# Homework 1

The assignment requires you to compute the TF-IDF measures for words in a collection of documents or corpus. TF-IDF stands for Term Frequency-Inverse Document Frequency and measures the relevance of a term <i><b>t</b></i> (t can be a word or a sequence of words called an n-gram) for a document in a collection. It is a combination of two measures as follows:

1. Term Frequency (TF) measures the frequency of the term t in a document d. If the term occurs n times in a document, then TF is usually the normalized frequency and is defined as:

	TF(t, d) = n/(number of terms in d)

If the TF measure is high, then the term occurs frequently in the document and is considered relevant for that document. 

2. Inverse Document Frequency (IDF) is

	IDF(t) = log(total number of documents/number of documents containing t)

IDF measures how important a term is in the collection. Terms such as "and" and "the" may occur across all documents and are not considered relevant. So, the IDF value for such terms will be low. 

Finally, TF-IDF(t, d) = TF(t,d) * IDF(t)

For an example, see the example section at http://www.tfidf.com  . 

Your corpus could be a single file where each line or paragraph is a document or it could be a directory 
with multiple files where each file is a document. See the attached hw1-input.txt for a trivial example of two documents. Each line is a document here and a newline character is the indication for the end of the document. We will use this example to illustrate the computation of TF-IDF. 

You may choose to represent the document collection as a Python list of strings in your program. See the code cell below for a representation of the two documents in hw1-input.txt. We will refer to this document collection as the <i><b>sample document collection</b></i> in this homework. 

IMPORTANT:

(1) You need to strip out ALL punctuation and convert words to lowercase in your program.

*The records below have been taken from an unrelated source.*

(* Let $T$ be a phylogenetic tree on a leaf set $X$ with $|X|\ge4$, equipped with the quartet metrization $w$. Then $w(e)\ge|X|-2$ for every edge $e$ of $T$.
   Context: A phylogenetic tree on $X$ is an unrooted tree whose leaves are bijectively labeled by $X$ and all of whose non-leaf nodes have degree 3. Each internal edge $e$ determines a partition of $X$ into four nonempty blocks $X_1,X_2,X_3,X_4$, where $e$ induces the split $X_1\cup X_2|X_3\cup X_4$ and the four edges adjacent to $e$ induce splits each separating one $X_i$ from the rest; the quartet metrization assigns $w(e)=|X_1||X_2|+|X_3||X_4|$. Each pendant edge $e$ incident to leaf $x$ determines a tripartition $(\{x\},X_1,X_2)$, where $X_1,X_2$ are the leaf sets separated by the two other edges at the non-leaf end of $e$; the quartet metrization assigns $w(e)=|X_1||X_2|$. *)

theory Defs
  imports Main
begin

definition simple_graph :: "'v set \<Rightarrow> 'v set set \<Rightarrow> bool" where
  "simple_graph V E \<longleftrightarrow> finite V \<and>
     (\<forall>e\<in>E. \<exists>u v. u \<noteq> v \<and> u \<in> V \<and> v \<in> V \<and> e = {u, v})"

definition reachable :: "'v set set \<Rightarrow> 'v \<Rightarrow> 'v \<Rightarrow> bool" where
  "reachable F a b \<longleftrightarrow> (a, b) \<in> {(x, y). {x, y} \<in> F}\<^sup>*"

definition nbrs :: "'v set set \<Rightarrow> 'v \<Rightarrow> 'v set" where
  "nbrs E u = {v. {u, v} \<in> E}"

definition degree :: "'v set set \<Rightarrow> 'v \<Rightarrow> nat" where
  "degree E u = card (nbrs E u)"

definition is_tree :: "'v set \<Rightarrow> 'v set set \<Rightarrow> bool" where
  "is_tree V E \<longleftrightarrow> simple_graph V E \<and> V \<noteq> {} \<and>
     (\<forall>a\<in>V. \<forall>b\<in>V. reachable E a b) \<and>
     (\<forall>u v. {u, v} \<in> E \<longrightarrow> \<not> reachable (E - {{u, v}}) u v)"

definition leaves :: "'v set \<Rightarrow> 'v set set \<Rightarrow> 'v set" where
  "leaves V E = {v\<in>V. degree E v = 1}"

definition phylogenetic_tree :: "'a set \<Rightarrow> 'v set \<Rightarrow> 'v set set \<Rightarrow> ('a \<Rightarrow> 'v) \<Rightarrow> bool" where
  "phylogenetic_tree X V E lab \<longleftrightarrow> is_tree V E \<and>
     bij_betw lab X (leaves V E) \<and>
     (\<forall>v\<in>V - leaves V E. degree E v = 3)"

text \<open>For an edge {u,a}: the leaf labels on the side of a, i.e. labels of leaves
  reachable from a after deleting the edge {u,a}. This is the block of the split
  induced by edge {u,a} not containing u.\<close>
definition side :: "'a set \<Rightarrow> 'v set set \<Rightarrow> ('a \<Rightarrow> 'v) \<Rightarrow> 'v \<Rightarrow> 'v \<Rightarrow> 'a set" where
  "side X E lab u a = {x\<in>X. reachable (E - {{u, a}}) a (lab x)}"

definition half_weight :: "'a set \<Rightarrow> 'v set set \<Rightarrow> ('a \<Rightarrow> 'v) \<Rightarrow> 'v \<Rightarrow> 'v \<Rightarrow> nat" where
  "half_weight X E lab u v = (\<Prod>a\<in>nbrs E u - {v}. card (side X E lab u a))"

text \<open>Quartet metrization of edge {u,v}: internal edge gives |X1||X2|+|X3||X4|,
  pendant edge (one endpoint a leaf) gives |X1||X2| for the non-leaf endpoint.\<close>
definition quartet_weight :: "'a set \<Rightarrow> 'v set \<Rightarrow> 'v set set \<Rightarrow> ('a \<Rightarrow> 'v) \<Rightarrow> 'v \<Rightarrow> 'v \<Rightarrow> nat" where
  "quartet_weight X V E lab u v =
     (if u \<in> leaves V E then 0 else half_weight X E lab u v) +
     (if v \<in> leaves V E then 0 else half_weight X E lab v u)"

end

theory Submission
  imports Defs
begin

text \<open>Every leaf label of X lies at an endpoint p of the edge {u, v} or behind one of the
  other edges at p. If p is a leaf there are no other edges and at most one label. If p is
  internal, its two other edges lead to nonempty leaf sets A and B, so they hold at most
  |A| + |B| \<le> |A| |B| + 1 labels, and |A| |B| is the contribution of p to w(e). Adding the
  two endpoints gives |X| \<le> w(e) + 2.\<close>

lemma reachable_sym: "reachable F a b \<Longrightarrow> reachable F b a"
proof -
  have "sym {(x, y). {x, y} \<in> F}" by (auto simp: sym_def insert_commute)
  then show "reachable F a b \<Longrightarrow> reachable F b a"
    unfolding reachable_def by (auto dest: symD sym_rtrancl)
qed

lemma reachable_mono: "F \<subseteq> G \<Longrightarrow> reachable F a b \<Longrightarrow> reachable G a b"
  unfolding reachable_def by (erule rtrancl_mono[THEN subsetD, rotated]) auto

lemma reachable_path:
  "successively (\<lambda>x y. {x, y} \<in> F) p \<Longrightarrow> p \<noteq> [] \<Longrightarrow> reachable F (hd p) (last p)"
proof (induction p rule: induct_list012)
  case (3 x y xs)
  then show ?case unfolding reachable_def by (auto intro: converse_rtrancl_into_rtrancl)
qed (auto simp: reachable_def)

lemma reachable_first_step:
  assumes "reachable E u w" "w \<noteq> u"
  shows "\<exists>n\<in>nbrs E u. reachable (E - {{u, n}}) n w"
  using assms unfolding reachable_def
proof (induction rule: rtrancl_induct)
  case (step y z)
  have yz: "{y, z} \<in> E" using step.hyps(2) by simp
  show ?case
  proof (cases "y = u")
    case True
    then show ?thesis using yz by (auto simp: nbrs_def)
  next
    case False
    with step.IH obtain n where n: "n \<in> nbrs E u" "(n, y) \<in> {(x, y). {x, y} \<in> E - {{u, n}}}\<^sup>*"
      by blast
    show ?thesis
    proof (cases "{y, z} = {u, n}")
      case True
      with False step.prems show ?thesis by (auto simp: doubleton_eq_iff)
    next
      case False
      with n yz show ?thesis by (blast intro: rtrancl_into_rtrancl)
    qed
  qed
qed simp

lemma simple_graph_edgeD:
  assumes "simple_graph V E" "{x, y} \<in> E"
  shows "x \<in> V" "y \<in> V" "x \<noteq> y"
  using assms unfolding simple_graph_def by (auto simp: doubleton_eq_iff)

lemma acyclic_path_no_chord:
  assumes bridges: "\<And>x y. {x, y} \<in> E \<Longrightarrow> \<not> reachable (E - {{x, y}}) x y"
    and path: "successively (\<lambda>x y. {x, y} \<in> E) (h # xs)" and dist: "distinct (h # xs)"
    and chord: "{h, y} \<in> E" and y: "y \<in> set xs"
  shows "y = hd xs"
proof (rule ccontr)
  assume y_ne_hd: "y \<noteq> hd xs"
  obtain ys zs where xs: "xs = ys @ y # zs" using split_list[OF y] by blast
  with y_ne_hd have "ys \<noteq> []" by auto
  have edges: "{h, hd ys} \<in> E" "successively (\<lambda>x y. {x, y} \<in> E) (ys @ [y])"
    using path \<open>ys \<noteq> []\<close> unfolding xs
    by (simp_all add: successively_Cons successively_append_iff)
  have "h \<notin> set (ys @ [y])" "y \<notin> set ys" "hd ys \<in> set ys"
    using dist \<open>ys \<noteq> []\<close> unfolding xs by auto
  then have "{h, hd ys} \<in> E - {{h, y}}"
    and "successively (\<lambda>x z. {x, z} \<in> E - {{h, y}}) (ys @ [y])"
    using edges by (auto simp: doubleton_eq_iff intro: successively_mono[OF edges(2)])
  with \<open>ys \<noteq> []\<close> have "successively (\<lambda>x z. {x, z} \<in> E - {{h, y}}) (h # ys @ [y])"
    by (simp add: successively_Cons)
  from reachable_path[OF this] bridges[OF chord] show False by simp
qed

lemma unextendable_path_end_degree:
  assumes sg: "simple_graph V E"
    and bridges: "\<And>x y. {x, y} \<in> E \<Longrightarrow> \<not> reachable (E - {{x, y}}) x y"
    and path: "successively (\<lambda>x y. {x, y} \<in> E) (h # xs)" and dist: "distinct (h # xs)"
    and "xs \<noteq> []" and unextendable: "\<And>y. {h, y} \<in> E \<Longrightarrow> y \<in> set (h # xs)"
  shows "degree E h = 1"
proof -
  have "y = hd xs" if hy: "{h, y} \<in> E" for y
  proof -
    from unextendable[OF hy] simple_graph_edgeD(3)[OF sg hy] have "y \<in> set xs" by simp
    with bridges path dist hy show ?thesis by (rule acyclic_path_no_chord)
  qed
  moreover have "{h, hd xs} \<in> E" using path \<open>xs \<noteq> []\<close> by (cases xs) auto
  ultimately have "nbrs E h = {hd xs}" unfolding nbrs_def by blast
  then show ?thesis by (simp add: degree_def)
qed

lemma reachable_path_butlast:
  assumes "successively (\<lambda>x y. {x, y} \<in> E) (xs @ [u])" "distinct (xs @ [u])" "xs \<noteq> []"
  shows "reachable (E - {{u, last xs}}) (last xs) (hd xs)"
proof -
  from assms(1,2) have "successively (\<lambda>x y. {x, y} \<in> E) xs" "u \<notin> set xs"
    by (simp_all add: successively_append_iff)
  then have "successively (\<lambda>x y. {x, y} \<in> E - {{u, last xs}}) xs"
    by (auto simp: doubleton_eq_iff intro: successively_mono)
  from reachable_path[OF this assms(3)] show ?thesis by (rule reachable_sym)
qed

(2)<b> You cannot use any Python library that computes the TF-IDF scores. </b>
    
(3) <b>  You are required to use NumPy arrays and the functions/techniques discussed in class to find the denominators in the TF and IDF measures in Parts III and IV </b> (number of terms in document and number of documents containing t). If you use naive loops to count these measures, you will lose points. Both these measures require you to compute something across the rows/columns. Think of which aggregate functions you could you use in NumPy to do this easily. 

In [1]:
sample_document_collection = ['The car is driven on the road', 'The truck is driven on the highway']

In [2]:
print(sample_document_collection) 

## Part I  - 10 Points

Write a function called doc_vocab that takes a document corpus (could be a filename or a directory name with multiple files in it. You can assume the former for simplicity.) and returns a (1) vocabulary of words for the corpus and (2) the document collection (a list of documents). 

You can implement the vocabulary as a dictionary where the key is the word and the value (to which the key is mapped) is a unique index assigned to the word. 

The dictionary for the sample document collection could be something like 
{'the': 0, 'car': 1, 'is': 2, 'driven': 3, 'on': 4, 'road': 5, 'truck': 6, 'highway': 7}

Note that the actual indices you have could be different. They just have to be unique and consecutive i.e. for n words in the dictionary, the indices should range from 0 to n-1. Also note that words "the" and "The" are assumed to be the same.  


In [3]:
import re
import string
import numpy as np
from nltk.corpus import stopwords

In [4]:
# PART I: build lexicon and document collection
def doc_vocab(filename):
    collection = list(); lexicon = dict(); line_counter = 0; #limit=2
    with open(filename) as f:
        for line in f:
            line = line.translate(str.maketrans('', '', string.punctuation)).lower().strip()            
            collection.append(line)
            tokenized_sent = line.split()
            for word in tokenized_sent:
                if word not in lexicon:
                    lexicon[word] = len(lexicon)
    
            
    # you may import libraries and define additional helper functions outside this function
    # lexicon is a synonym for vocabulary
    
    return lexicon, collection

## Part II - 20 Points

Write a function called <i><b>doc_term_matrix</i></b> that takes a vocabulary and a document collection as parameters and returns a document term matrix. This matrix should be a two-dimensional NumPy array with the following shape: (number of documents in collection, number of terms in vocabulary). For the sample document collection, the array's shape will be (2, 8). If the array is M, then M[i, j] will contain the number of times term j occurs in document i. For the sample document collection, you may get something like 

[[2 1 1 1 1 1 0 0]

 [2 0 1 1 1 0 1 1]] . 

Note that the columns may be arranged differently based on the indices for the terms in the vocabulary. 

In [5]:
# You will need to initialize a NumPy array to store the document term matrix. 
# Which NumPy function will you use for this? What are the dimensions of this matrix?
# Fill this NumPy array with the appropriate values and return it as the value for this function
#You may use the collections package to count the number of times an element occurs in a list. 
#Note a use of collections below. You can modify it for use in Part II
import collections
dictfreq = collections.Counter("the key is in the car".split())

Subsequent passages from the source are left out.